En un texto publicado en Vuelta, la revista de Octavio Paz, en 1993, viendo la anuencia con que algunos intelectuales consideraban el golpe de Estado perpetrado contra la democracia venezolana el año anterior, Sucre afirmó: “Hemos perdido el sentido viril de las palabras”. Era el mismo sentido viril que había hecho decir a Albert Camus, en 1957, que el escritor “no puede ponerse al servicio de los que hacen la historia; está al servicio de los que la sufren”. Al igual que para Camus, para Sucre el oficio de escribir obliga, “y obliga no sólo a escribir”.

El escritor se forma “en una perpetua ida y vuelta de sí a los demás, a medio camino entre la belleza, de la que no puede prescindir, y la comunidad, de la que no puede extirparse”, de lo que resulta que su responsabilidad sea servir a la verdad y a la libertad, aunque la una sea huidiza y la otra “tan apasionante como difícil de vivir”. Por supuesto, insiste Camus, no se trata de que el escritor se erija en un predicador de la verdad, pero que mantenga el honor de su oficio, que no se preste a la opresión ni a la mentira. Para decirlo con Étienne de La Boétie, que no ponga su conciencia ni su palabra bajo el yugo de la servidumbre. O con Spinoza: que aprecie la fidelidad y no la adulación.

Está claro que me refiero indistintamente a Guillermo como escritor y como intelectual, dos figuras que en su caso se complementaban, se superponían, eran una sola. ¿Es necesario inquirir por qué? Apenas decir que la lectura de su obra hace evidente que el oficio de escribir es indisociable del de practicar una ética de la palabra. Y una ética de la palabra es una ética política, aquí donde política no se reduce al ejercicio del poder, sino que se ensancha hasta implicar un vivir en comunidad y en obstinado combate contra los embates del totalitarismo, del fanatismo, del sectarismo, en fin, de todos esos brazos de la muerte, de todas esas tabulas rasas que quieren uniformar a la gente y la palabra.

Esa postura ética que siempre vimos en Guillermo Sucre tuvo, además, otra característica: fue una mezcla entre la observación de la actualidad y la conciencia de la tradición a la cual esa actualidad confirma o traiciona.
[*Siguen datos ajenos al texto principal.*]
(* Let $q$ be an odd prime power, $\lambda$ a divisor of $q+1$ with $2\le\lambda<q+1$, $m=2t+1\ge5$, and $n=\frac{q^m+1}{\lambda}$. For integers $a,b,c$ let $f(a,b,c)=\frac{q^{t+1}+1}{\lambda}+a\frac{q^t-1}{\lambda}+bq^t+c$ and $g(a,b,c)=\frac{q^{t+1}-1}{\lambda}+a\frac{q^t+1}{\lambda}+bq^t+c$. If $t$ is even, let $T_1=\{f(0,0,c):c\in\mathbb{Z},-\frac q\lambda\le c\le\frac{q-2}{\lambda}\}$, $T_2=\{f(0,b,0):b\in\mathbb{Z},1\le b\le\frac{q-1}{\lambda}\}$, $T_3=\{f(2,b,0):b\in\mathbb{Z},0\le b\le\frac{q-3}{\lambda}\}$. If $t$ is odd, let $T_1=\{g(0,0,c):c\in\mathbb{Z},-\frac{q-2}{\lambda}\le c\le\frac q\lambda\}$, $T_2=\{g(0,b,0):b\in\mathbb{Z},1\le b\le\frac{q-1}{\lambda}\}$, $T_3=\{g(2,b,0):b\in\mathbb{Z},0\le b\le\frac{q-3}{\lambda}\}$. Then: (1) every integer $i$ with $1\le i<\frac{2q^{t+1}-2q+1}{\lambda}$, $i\not\equiv0\pmod q$ and $i\notin T_1\cup T_2\cup T_3$ is a coset leader modulo $n$ with $|C_i|=2m$, while no element of $T_1\cup T_2\cup T_3$ (with $i\not\equiv 0\pmod q$) is a coset leader modulo $n$; (2) no integer $i$ with $\frac{2q^{t+1}-2q+1}{\lambda}\le i\le\frac{2q^{t+1}+2q-1}{\lambda}$ is a coset leader modulo $n$.
   Context: For $0\le s\le n-1$, $C_s=\{sq^i\bmod n:i\ge0\}$ is the $q$-cyclotomic coset of $s$ modulo $n$; its least element is its coset leader. *)

theory Defs
  imports "HOL-Computational_Algebra.Primes" Complex_Main
begin

definition cyc_coset :: "nat \<Rightarrow> nat \<Rightarrow> nat \<Rightarrow> nat set" where
  "cyc_coset q n s = {s * q ^ i mod n | i. True}"

definition coset_leader :: "nat \<Rightarrow> nat \<Rightarrow> nat \<Rightarrow> bool" where
  "coset_leader q n s \<longleftrightarrow> s < n \<and> s = Min (cyc_coset q n s)"

definition prime_power :: "nat \<Rightarrow> bool" where
  "prime_power q \<longleftrightarrow> (\<exists>p k. prime p \<and> k \<ge> 1 \<and> q = p ^ k)"

definition ffun :: "nat \<Rightarrow> nat \<Rightarrow> nat \<Rightarrow> int \<Rightarrow> int \<Rightarrow> int \<Rightarrow> int" where
  "ffun q l t a b c = (int q ^ (t+1) + 1) div int l + a * ((int q ^ t - 1) div int l)
      + b * int q ^ t + c"

definition gfun :: "nat \<Rightarrow> nat \<Rightarrow> nat \<Rightarrow> int \<Rightarrow> int \<Rightarrow> int \<Rightarrow> int" where
  "gfun q l t a b c = (int q ^ (t+1) - 1) div int l + a * ((int q ^ t + 1) div int l)
      + b * int q ^ t + c"

definition Tset :: "nat \<Rightarrow> nat \<Rightarrow> nat \<Rightarrow> int set" where
  "Tset q l t = (if even t then
     {ffun q l t 0 0 c | c. - (real q / real l) \<le> real_of_int c \<and> real_of_int c \<le> (real q - 2) / real l}
     \<union> {ffun q l t 0 b 0 | b. 1 \<le> real_of_int b \<and> real_of_int b \<le> (real q - 1) / real l}
     \<union> {ffun q l t 2 b 0 | b. 0 \<le> real_of_int b \<and> real_of_int b \<le> (real q - 3) / real l}
   else
     {gfun q l t 0 0 c | c. - ((real q - 2) / real l) \<le> real_of_int c \<and> real_of_int c \<le> real q / real l}
     \<union> {gfun q l t 0 b 0 | b. 1 \<le> real_of_int b \<and> real_of_int b \<le> (real q - 1) / real l}
     \<union> {gfun q l t 2 b 0 | b. 0 \<le> real_of_int b \<and> real_of_int b \<le> (real q - 3) / real l})"

end

(*
  Since l n = q^m + 1 =: N, multiplication by l maps the q-cyclotomic cosets modulo n
  order-preservingly onto those of multiples of l modulo N, so i is a coset leader modulo n
  iff s = l i is one modulo N.  As q^m = -1 modulo N, writing s = A q^k + B with B < q^k
  gives s q^(m-k) = B q^(m-k) - A and s q^(2m-k) = N - (B q^(m-k) - A) modulo N.  With
  P = q^t and s < 2qP - 2q, comparing sizes in the four ranges k < t, k = t, k = t + 1 and
  k > t + 1 shows that all these residues exceed s unless s lies within q of qP or within 1
  of (q + a) P for some a < q.  These exceptional values are exactly the l i with i in
  T_1, T_2, T_3, and for them, as for every s within 2q of 2qP, one explicit power of q
  brings s below itself.  Since q^(2m) = 1 modulo N and the residues of s q^j grow strictly
  for 0 < j < 2m, the coset of a leader has exactly 2m elements.
*)
theory Submission
  imports Defs "HOL-Number_Theory.Cong"
begin

section \<open>Coset leaders under scaling\<close>

lemma cyc_coset_mult: "cyc_coset q (l * n) (l * s) = (\<lambda>x. l * x) ` cyc_coset q n s"
  unfolding cyc_coset_def by (auto simp flip: mult_mod_right simp: mult.assoc)

lemma finite_cyc_coset: "0 < n \<Longrightarrow> finite (cyc_coset q n s)"
  unfolding cyc_coset_def by (rule finite_subset[of _ "{..<n}"]) auto

lemma coset_leader_mult_iff:
  assumes "0 < l"
  shows "coset_leader q (l * n) (l * s) \<longleftrightarrow> coset_leader q n s"
proof (cases "n = 0")
  case False
  have "s mod n \<in> cyc_coset q n s"
    unfolding cyc_coset_def by (auto intro: exI[of _ 0])
  then have "Min ((\<lambda>x. l * x) ` cyc_coset q n s) = l * Min (cyc_coset q n s)"
    using False by (intro mono_Min_commute[symmetric]) (auto simp: mono_def finite_cyc_coset)
  then show ?thesis
    unfolding coset_leader_def cyc_coset_mult using assms by simp
qed (simp add: coset_leader_def)

lemma card_cyc_coset_mult:
  "0 < l \<Longrightarrow> card (cyc_coset q (l * n) (l * s)) = card (cyc_coset q n s)"
  by (simp add: cyc_coset_mult card_image inj_on_def)

lemma not_coset_leader_if_mod_less:
  assumes "s * q ^ j mod n < s"
  shows "\<not> coset_leader q n s"
proof
  assume "coset_leader q n s"
  then have "0 < n" and "s = Min (cyc_coset q n s)"
    unfolding coset_leader_def by auto
  moreover have "s * q ^ j mod n \<in> cyc_coset q n s"
    unfolding cyc_coset_def by blast
  ultimately have "s \<le> s * q ^ j mod n"
    using Min_le[OF finite_cyc_coset] by metis
  with assms show False by simp
qed

lemma not_coset_leader_if_dvd:
  fixes q n s M :: nat
  assumes "1 < q" "q dvd s" "0 < s" "0 < M" "q ^ M mod n = 1"
  shows "\<not> coset_leader q n s"
proof (cases "s < n")
  case True
  obtain s' where "s = q * s'"
    using assms(2) by blast
  then have "s' < s"
    using assms(1,3) by simp
  have "s * q ^ (M - 1) = s' * q ^ M"
    using \<open>s = q * s'\<close> assms(4) by (simp add: power_eq_if)
  then have "s * q ^ (M - 1) mod n = s' mod n"
    using assms(5) by (metis mod_mult_right_eq mult.right_neutral)
  also have "\<dots> = s'"
    using \<open>s' < s\<close> True by simp
  finally have "s * q ^ (M - 1) mod n < s"
    using \<open>s' < s\<close> by simp
  then show ?thesis
    by (rule not_coset_leader_if_mod_less)
qed (simp add: coset_leader_def)

lemma mult_pow_mod_periodic:
  fixes q n s :: nat
  assumes "q ^ M mod n = 1"
  shows "s * q ^ j mod n = s * q ^ (j mod M) mod n"
proof -
  have "s * q ^ j = s * q ^ (j mod M) * (q ^ M) ^ (j div M)"
    by (metis power_add power_mult mod_mult_div_eq mult.assoc)
  also have "\<dots> mod n = s * q ^ (j mod M) * ((q ^ M) ^ (j div M) mod n) mod n"
    by (simp add: mod_mult_right_eq)
  also have "(q ^ M) ^ (j div M) mod n = 1 mod n"
    using assms by (metis power_mod power_one)
  finally show ?thesis
    by (simp add: mod_mult_right_eq)
qed

lemma cyc_coset_eq_image:
  fixes q n s :: nat
  assumes "0 < M" and "q ^ M mod n = 1"
  shows "cyc_coset q n s = (\<lambda>j. s * q ^ j mod n) ` {..<M}"
proof
  show "cyc_coset q n s \<subseteq> (\<lambda>j. s * q ^ j mod n) ` {..<M}"
  proof
    fix y assume "y \<in> cyc_coset q n s"
    then obtain j where "y = s * q ^ j mod n"
      unfolding cyc_coset_def by blast
    then have "y = s * q ^ (j mod M) mod n"
      using mult_pow_mod_periodic[OF assms(2), of s j] by simp
    then show "y \<in> (\<lambda>j. s * q ^ j mod n) ` {..<M}"
      using assms(1) by (auto intro!: image_eqI[of _ _ "j mod M"])
  qed
qed (auto simp: cyc_coset_def)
Y es que la actualidad solo puede hacerse conciencia (la palabra solo puede mantener su sentido viril) si se la valora sobre el trasfondo de la tradición, esa memoria siempre vigente de las cosas. Cuando eso no ocurre, cuando la tradición no concursa, la actualidad se muestra como mera contingencia y lo que deriva de allí es opinión ligera, si no disparate. No era el caso de Sucre. En él nunca dejamos de advertir la pasión del que reconocía en los hechos de la vida pasajera la presencia de lo permanente. Para él, las palabras tenían una historia y una dignidad.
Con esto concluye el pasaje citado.